En conclusion, cet article, bien que basé sur des données « anciennes » dans le contexte du DSQ, est très intéressant, notamment pour sa première partie, et vient renforcer l’observation que la liste du DSQ seule n’est absolument pas un substitut à une histoire médicamenteuse complète avec le patient. Je souligne également le dernier article dont j’ai parlé sur le sujet qui montrait bien que les profils de pharmacie communautaire n’étaient pas d’une fiabilité extraordinaire eux non plus.

Comparaison du DSQ et du profil de pharmacie communautaire à l’histoire médicamenteuse

Cet article publié dans le dernier numéro du Pharmactuel vient s’ajouter aux quelques publications décrivant la qualité des données obtenues à l’aide du DSQ pour la prescription des médicaments à l’urgence. L’article a été réalisé par une équipe de l’Hôpital Charles-Le Moyne et des données de cette étude avaient été présentées sous forme d’affiche à l’Événement des pharmaciens 2017. L’objectif était de comparer les listes de médicaments obtenues à l’aide du DSQ, du profil de pharmacie communautaire et de l’entrevue avec le patient dans une optique de prescription à l’urgence.

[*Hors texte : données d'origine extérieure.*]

theorem theorem2p4:
  fixes V K I :: "'a set" and adj :: "'a \<Rightarrow> 'a \<Rightarrow> bool"
  assumes "split_graph V adj K I"
    and "connected_graph V (A4_adj V adj)"
  shows "connected_graph I (Phi_adj V adj I)"
  unfolding connected_graph_iff_edges
proof (intro ballI)
  fix u v assume "u \<in> I" "v \<in> I"
  note S = \<open>split_graph V adj K I\<close>
  have path: "(u, v) \<in> (edges V (A4_adj V adj))\<^sup>*"
    using assms(2) \<open>u \<in> I\<close> \<open>v \<in> I\<close> split_graph_I_subset[OF S]
    unfolding connected_graph_iff_edges by blast
  show "(u, v) \<in> (edges I (Phi_adj V adj I))\<^sup>*"
  proof (cases "u = v")
    case False
    then obtain x where "(x, v) \<in> edges V (A4_adj V adj)"
      using path by (metis rtranclE)
    then obtain e\<^sub>1 e\<^sub>2 where e: "e\<^sub>1 \<in> I" "e\<^sub>2 \<in> I" "incomparable adj e\<^sub>1 e\<^sub>2" "v \<in> span adj e\<^sub>1 e\<^sub>2"
      using A4_adj_in_span[OF S] unfolding edges_def by blast
    then have "v = e\<^sub>1 \<or> v = e\<^sub>2"
      using I_vertex_in_span_is_endpoint[OF S] \<open>v \<in> I\<close> by blast
    then show ?thesis
      using Phi_reach_along_A4_path[OF S \<open>u \<in> I\<close> path] e
      by (metis incomparable_commute span_commute)
  qed simp
qed

end
text \<open>With \<open>q = c3 + \<rho>\<^sup>2\<close> one has \<open>q(\<rho>) \<le> \<rho>\<close> exactly on \<open>[b2, b3]\<close>, and
  \<open>D = \<rho>\<^sup>2\<^sup>m - q\<^sup>2\<^sup>m\<close> has simple zeros at the endpoints, so the integrand of \<open>J\<close> has
  singularities of order \<open>(2m - 1)/2m < 1\<close> and \<open>J\<close> is a homeomorphism \<open>[b2, b3] \<rightarrow> [0, d2]\<close>
  with \<open>J' = 1/g\<close>, \<open>g = (D\<^sup>1\<^sup>/\<^sup>2\<^sup>m / q)\<^sup>2\<^sup>m\<^sup>-\<^sup>1\<close>. Hence \<open>\<alpha>* = J\<^sup>-\<^sup>1 \<circ> T\<close> with \<open>T\<close> the triangle wave of
  period \<open>2 d2\<close>, so \<open>\<alpha>*' = \<plusminus>g(\<alpha>* )\<close> and \<open>\<alpha>*'' = (g g')(\<alpha>* )\<close>; both extend continuously
  through the corners of \<open>T\<close>, where \<open>g(\<alpha>* ) = 0\<close>.

  The Birkhoff--Gauss map is \<open>\<eta> = (-R cos v, -R sin v, Z)\<close> with \<open>R = q(\<alpha>)/\<alpha>\<close> and
  \<open>Z = \<plusminus>D(\<alpha>)\<^sup>1\<^sup>/\<^sup>2\<^sup>m/\<alpha>\<close>: it lies on \<open>S\<close> since \<open>R\<^sup>2\<^sup>m + Z\<^sup>2\<^sup>m = 1\<close>, and \<open>\<nabla>\<Phi>(\<eta>)\<close> is parallel to
  \<open>f\<^sub>u \<times> f\<^sub>v\<close> since \<open>Z\<^sup>2\<^sup>m\<^sup>-\<^sup>1 = R\<^sup>2\<^sup>m\<^sup>-\<^sup>1 \<alpha>'\<close>. Finally \<open>\<eta>\<^sub>u = Z' f\<^sub>u\<close> and \<open>\<eta>\<^sub>v = -(R/\<alpha>) f\<^sub>v\<close>, where
  \<open>Z' = c3/\<alpha>\<^sup>2 - 1\<close> and \<open>-R/\<alpha> = -c3/\<alpha>\<^sup>2 - 1\<close> average to \<open>-1\<close>.\<close>
lemma powr_neg_mult_le:
  fixes x w e :: real
  assumes "x > 0" "w > 0" "e \<ge> 0"
  shows "x powr (-e) * w powr (-e) \<le> ((x + w) / 2) powr (-e) * (x powr (-e) + w powr (-e))"
proof (cases "x \<ge> (x + w) / 2")
  case True
  have "x powr (-e) \<le> ((x + w) / 2) powr (-e)"
    using True assms by (intro powr_mono2') auto
  then have "x powr (-e) * w powr (-e) \<le> ((x + w) / 2) powr (-e) * w powr (-e)"
    by (simp add: mult_right_mono)
  also have "\<dots> \<le> ((x + w) / 2) powr (-e) * (x powr (-e) + w powr (-e))"
    by (intro mult_left_mono) auto
  finally show ?thesis .
next
  case False
  then have "w powr (-e) \<le> ((x + w) / 2) powr (-e)"
    using assms by (intro powr_mono2') auto
  then have "x powr (-e) * w powr (-e) \<le> x powr (-e) * ((x + w) / 2) powr (-e)"
    by (simp add: mult_left_mono)
  also have "\<dots> \<le> ((x + w) / 2) powr (-e) * (x powr (-e) + w powr (-e))"
    by (simp add: algebra_simps)
  finally show ?thesis .
qed
definition accepts :: "dtm \<Rightarrow> graph \<Rightarrow> (nat \<Rightarrow> bool list) \<Rightarrow> bool" where
  "accepts M G idf \<longleftrightarrow> (\<exists>r S. exec M G idf r = Some S \<and>
      (\<forall>u\<in>gverts G. ns_stop (S u)) \<and>
      (\<forall>u\<in>gverts G. bits_of (ns_int (S u)) = [True]))"

definition local_polynomial :: "dtm \<Rightarrow> bool" where
  "local_polynomial M \<longleftrightarrow> (\<exists>(c::nat) (q::nat poly). \<forall>G idf.
     wf_graph G \<and> locally_unique 1 G idf \<longrightarrow>
       (\<exists>S. exec M G idf c = Some S \<and> (\<forall>u\<in>gverts G. ns_stop (S u))) \<and>
       (\<forall>r S u. exec M G idf r = Some S \<and> u \<in> gverts G \<and> \<not> ns_stop (S u) \<longrightarrow>
          (\<exists>k ns. node_round M G idf S u = Some (k, ns) \<and>
             k \<le> poly q (length (recv_tape G idf S u) + length (strip (ns_int (S u)))))))"

definition LP :: "graph set set" where
  "LP = {P. graph_property P \<and>
     (\<exists>M r_id. wf_dtm M \<and> local_polynomial M \<and> r_id \<ge> 1 \<and>
        (\<forall>G idf. wf_graph G \<and> locally_unique r_id G idf \<longrightarrow>
           (accepts M G idf \<longleftrightarrow> G \<in> P)))}"

end

theory Submission
  imports Defs "HOL-Library.List_Lexorder" "HOL-Number_Theory.Cong"
begin

text \<open>Let \<open>C\<^sub>N\<^sup>2\<close> be the square of the \<open>N\<close>-cycle. Its proper 3-colourings are 3-periodic along
  the cycle, so \<open>C\<^sub>N\<^sup>2\<close> is 3-colourable iff \<open>3 dvd N\<close>. Reduction mod \<open>n\<close> is a covering
  map \<open>C\<^sub>3\<^sub>n\<^sup>2 \<rightarrow> C\<^sub>n\<^sup>2\<close> (for \<open>n \<ge> 5\<close>) that is a bijection on every neighbourhood.
  Pulling injective identifiers of \<open>C\<^sub>n\<^sup>2\<close> back along it gives identifiers that are
  \<open>r\<close>-locally unique once \<open>n > 4r\<close>, and then by induction on the rounds every node of the
  cover receives and stores exactly what its image receives and stores. Hence a machine
  deciding 3-colourability would accept \<open>C\<^sub>n\<^sup>2\<close> with \<open>n = 6r + 7\<close> because it accepts the
  3-colourable cover \<open>C\<^sub>3\<^sub>n\<^sup>2\<close>.\<close>

lemma id_less_iff_less: "id_less a b \<longleftrightarrow> a < b"
proof -
  have "{(x, y). x = False \<and> y = True} = {(u, v). (u::bool) < v}" by auto
  then show ?thesis by (simp only: id_less_def list_less_def)
qed

definition neighbours :: "graph \<Rightarrow> nat \<Rightarrow> nat set" where
  "neighbours G u = {v \<in> gverts G. gadj G u v}"

abbreviation sorted_by_id :: "(nat \<Rightarrow> bool list) \<Rightarrow> nat list \<Rightarrow> bool" where
  "sorted_by_id idf \<equiv> sorted_wrt (\<lambda>a b. id_less (idf a) (idf b))"

lemma sorted_by_id_iff: "sorted_by_id idf xs \<longleftrightarrow> sorted_wrt (<) (map idf xs)"
  by (simp add: sorted_wrt_map id_less_iff_less)

lemma sorted_by_id_unique:
  assumes "sorted_by_id idf xs" "sorted_by_id idf ys" "set xs = set ys"
  shows "xs = ys"
proof (rule map_inj_on)
  have "sorted_wrt (<) (map idf xs)" "sorted_wrt (<) (map idf ys)"
    using assms(1,2) by (simp_all add: sorted_by_id_iff)
  then show "map idf xs = map idf ys"
    using assms(3) by (intro strict_sorted_equal) auto
  have "distinct (map idf xs)"
    using \<open>sorted_wrt (<) (map idf xs)\<close> by (simp add: strict_sorted_iff)
  then show "inj_on idf (set xs \<union> set ys)"
    using assms(3) by (simp add: distinct_map)
qed

lemma nbrs_eqI:
  assumes "distinct xs" "set xs = neighbours G u" "sorted_by_id idf xs"
  shows "nbrs G idf u = xs"
proof -
  let ?P = "\<lambda>xs. distinct xs \<and> set xs = neighbours G u \<and> sorted_by_id idf xs"
  have "?P (nbrs G idf u)"
    unfolding nbrs_def neighbours_def[symmetric] by (rule someI[of ?P xs]) (use assms in auto)
  then show ?thesis
    using assms by (intro sorted_by_id_unique[of idf]) auto
qed

lemma nbrs_spec:
  assumes "finite (neighbours G u)" "inj_on idf (neighbours G u)"
  shows "distinct (nbrs G idf u) \<and> set (nbrs G idf u) = neighbours G u \<and>
    sorted_by_id idf (nbrs G idf u)"
proof -
  define xs where "xs = sort_key idf (sorted_list_of_set (neighbours G u))"
  have xs: "distinct xs" "set xs = neighbours G u"
    using assms(1) by (auto simp: xs_def)
  have "sorted (map idf xs)" by (simp add: xs_def)
  moreover have "distinct (map idf xs)" using xs assms(2) by (simp add: distinct_map)
  ultimately have "sorted_by_id idf xs" by (simp add: sorted_by_id_iff strict_sorted_iff)
  then show ?thesis using xs nbrs_eqI[OF xs] by simp
qed

definition graph_covering :: "graph \<Rightarrow> graph \<Rightarrow> (nat \<Rightarrow> nat) \<Rightarrow> bool" where
  "graph_covering G H p \<longleftrightarrow> p ` gverts G = gverts H \<and>
     (\<forall>u\<in>gverts G. glab G u = glab H (p u) \<and>
        bij_betw p (neighbours G u) (neighbours H (p u)))"

locale covering_with_ids =
  fixes G H :: graph and p :: "nat \<Rightarrow> nat" and idG idH :: "nat \<Rightarrow> bool list"
  assumes covering: "graph_covering G H p"
    and sym_G: "\<And>u v. gadj G u v \<Longrightarrow> gadj G v u"
    and finite_H: "finite (gverts H)"
    and inj_idH: "\<And>w. inj_on idH (neighbours H w)"
    and idG_lift: "\<And>u. u \<in> gverts G \<Longrightarrow> idG u = idH (p u)"
begin

lemma image_verts: "p ` gverts G = gverts H"
  and label_eq: "u \<in> gverts G \<Longrightarrow> glab G u = glab H (p u)"
  and bij_neighbours: "u \<in> gverts G \<Longrightarrow> bij_betw p (neighbours G u) (neighbours H (p u))"
  using covering by (auto simp: graph_covering_def)

lemma nbrs_cover_spec:
  assumes "u \<in> gverts G"
  shows "distinct (nbrs G idG u) \<and> set (nbrs G idG u) = neighbours G u \<and>
    sorted_by_id idG (nbrs G idG u)"
proof (rule nbrs_spec)
  have bij: "bij_betw p (neighbours G u) (neighbours H (p u))"
    using bij_neighbours[OF assms] .
  have "finite (neighbours H (p u))"
    using finite_H by (simp add: neighbours_def)
  then show "finite (neighbours G u)"
    using bij bij_betw_finite by blast
  have "inj_on (idH \<circ> p) (neighbours G u)"
    using bij inj_idH by (auto simp: bij_betw_def intro: comp_inj_on)
  then show "inj_on idG (neighbours G u)"
    by (rule inj_on_cong[THEN iffD1, rotated]) (simp add: idG_lift neighbours_def)
qed

lemma nbrs_base_eq_map:
  assumes "u \<in> gverts G"
  shows "nbrs H idH (p u) = map p (nbrs G idG u)"
proof (rule nbrs_eqI)
  let ?xs = "nbrs G idG u"
  have bij: "bij_betw p (neighbours G u) (neighbours H (p u))"
    using bij_neighbours[OF assms] .
  have xs: "distinct ?xs" "set ?xs = neighbours G u" "sorted_by_id idG ?xs"
    using nbrs_cover_spec[OF assms] by blast+
  show "distinct (map p ?xs)"
    using xs bij by (simp add: distinct_map bij_betw_def)
  show "set (map p ?xs) = neighbours H (p u)"
    using xs bij by (simp add: bij_betw_def)
  have "sorted_by_id (idH \<circ> p) ?xs"
    using xs(3) by (rule sorted_wrt_mono_rel[rotated]) (use xs(2) in \<open>auto simp: idG_lift neighbours_def\<close>)
  then show "sorted_by_id idH (map p ?xs)"
    by (simp add: sorted_wrt_map)
qed

lemma msg_from_base_eq:
  assumes "u \<in> neighbours G v" "v \<in> gverts G" "\<forall>x\<in>gverts G. SG x = SH (p x)"
  shows "msg_from H idH SH (p v) (p u) = msg_from G idG SG v u"
proof -
  let ?ns = "nbrs G idG v"
  have set_ns: "set ?ns = neighbours G v"
    using nbrs_cover_spec[OF assms(2)] by blast
  have "p (?ns ! i) = p u \<longleftrightarrow> ?ns ! i = u" if "i < length ?ns" for i
    using bij_neighbours[OF assms(2)] assms(1) set_ns nth_mem[OF that]
    by (auto simp: bij_betw_def dest: inj_onD)
  then have positions: "[i. i \<leftarrow> [0..<length ?ns], map p ?ns ! i = p u] =
      [i. i \<leftarrow> [0..<length ?ns], ?ns ! i = u]"
    by (intro arg_cong[where f = concat] map_cong) auto
  have state: "SH (p v) = SG v"
    using assms(2,3) by simp
  show ?thesis
    unfolding msg_from_def Let_def nbrs_base_eq_map[OF assms(2)] length_map positions state ..
qed

lemma recv_tape_base_eq:
  assumes "u \<in> gverts G" "\<forall>x\<in>gverts G. SG x = SH (p x)"
  shows "recv_tape H idH SH (p u) = recv_tape G idG SG u"
proof -
  have "msg_from H idH SH (p v) (p u) = msg_from G idG SG v u"
    if "v \<in> set (nbrs G idG u)" for v
  proof (rule msg_from_base_eq[OF _ _ assms(2)])
    have "v \<in> neighbours G u"
      using that nbrs_cover_spec[OF assms(1)] by blast
    then show "v \<in> gverts G" "u \<in> neighbours G v"
      using assms(1) sym_G by (auto simp: neighbours_def)
  qed
  then show ?thesis
    unfolding recv_tape_def nbrs_base_eq_map[OF assms(1)] map_map
    by (intro arg_cong[where f = concat] map_cong) auto
qed

lemma exec_project:
  "exec M G idG r = Some SG \<Longrightarrow>
     \<exists>SH. exec M H idH r = Some SH \<and> (\<forall>u\<in>gverts G. SG u = SH (p u))"
proof (induction r arbitrary: SG)
  case 0
  then show ?case by (auto simp: init_state_def label_eq idG_lift)
next
  case (Suc r)
  then obtain S where S: "exec M G idG r = Some S"
    by (cases "exec M G idG r") auto
  then obtain SH where SH: "exec M H idH r = Some SH" "\<forall>u\<in>gverts G. S u = SH (p u)"
    using Suc.IH by blast
  have node_round_eq: "node_round M H idH SH (p u) = node_round M G idG S u"
    if "u \<in> gverts G" for u
    using that SH(2) by (simp add: node_round_def recv_tape_base_eq)
  have halts: "\<forall>u\<in>gverts G. node_round M G idG S u \<noteq> None"
    and SG: "SG = (\<lambda>u. snd (the (node_round M G idG S u)))"
    using Suc.prems S by (auto split: if_splits)
  have "\<forall>w\<in>gverts H. node_round M H idH SH w \<noteq> None"
  proof
    fix w assume "w \<in> gverts H"
    then obtain u where "u \<in> gverts G" "w = p u"
      using image_verts by blast
    then show "node_round M H idH SH w \<noteq> None"
      using halts node_round_eq by simp
  qed
  then show ?case
    using SH(1) SG node_round_eq by auto
qed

Après une pré-validation de grilles de collecte, des étudiants en pharmacie ont collecté le profil DSQ et le profil de pharmacie communautaire, en plus de réaliser une histoire médicamenteuse avec le patient, pour tous les patients observés ou admis à l’urgence de l’hôpital, en excluant les patients de psychiatrie, les patients confus ou dont l’état ne permettait pas la participation, ceux provenant d’un CHSLD, ceux dont les documents requis pour l’étude ne pouvaient être obtenus, et ceux ne prenant aucun médicament.

Les divergences identifiées entre chaque document et l’histoire ont été collectées et classifiées en catégories de sévérité selon une grille établie dans une étude européenne. Cette grille comportait des critères comme le type de médicament affecté par une divergence et le type de divergence (omission, mauvaise dose).

379 patients ont été évalués et 129 ont été exclus, pour 250 patients inclus. 20 patients (8%) n’avaient aucune divergence entre les différentes modalités; un seul n’avait aucune divergence entre le DSQ et l’histoire alors que 27 (10,8%) n’avaient aucune divergence entre le profil et l’histoire.

1010 divergences ont été identifiées sur le DSQ comparativement à 714 sur le profil de pharmacie communautaire. Cependant, 28,7% des divergences du DSQ étaient des duplications, considérées par les chercheurs comme peu significatives. En excluant celles-ci, le nombre de divergences étaient de 720 sur le DSQ et 657 au profil, une différence non significative (p = 0,09). Il n’y avait pas de différences significatives entre le DSQ et le profil par rapport au nombre de divergences de dose, de prise PRN/régulière, de dose non précisée et de prise en vente libre. Signe que tout n’est pas négatif avec le DSQ, celui-ci présentait moins de mauvaises fréquences, de médicaments prescrits mais non pris, et de médicaments PRN non renouvelés. Les chercheurs soulignent cependant que les médicaments avec mauvaise fréquence au profil étaient souvent manquants au DSQ, car l’ordonnance avec la bonne fréquence était en attente à la pharmacie communautaire.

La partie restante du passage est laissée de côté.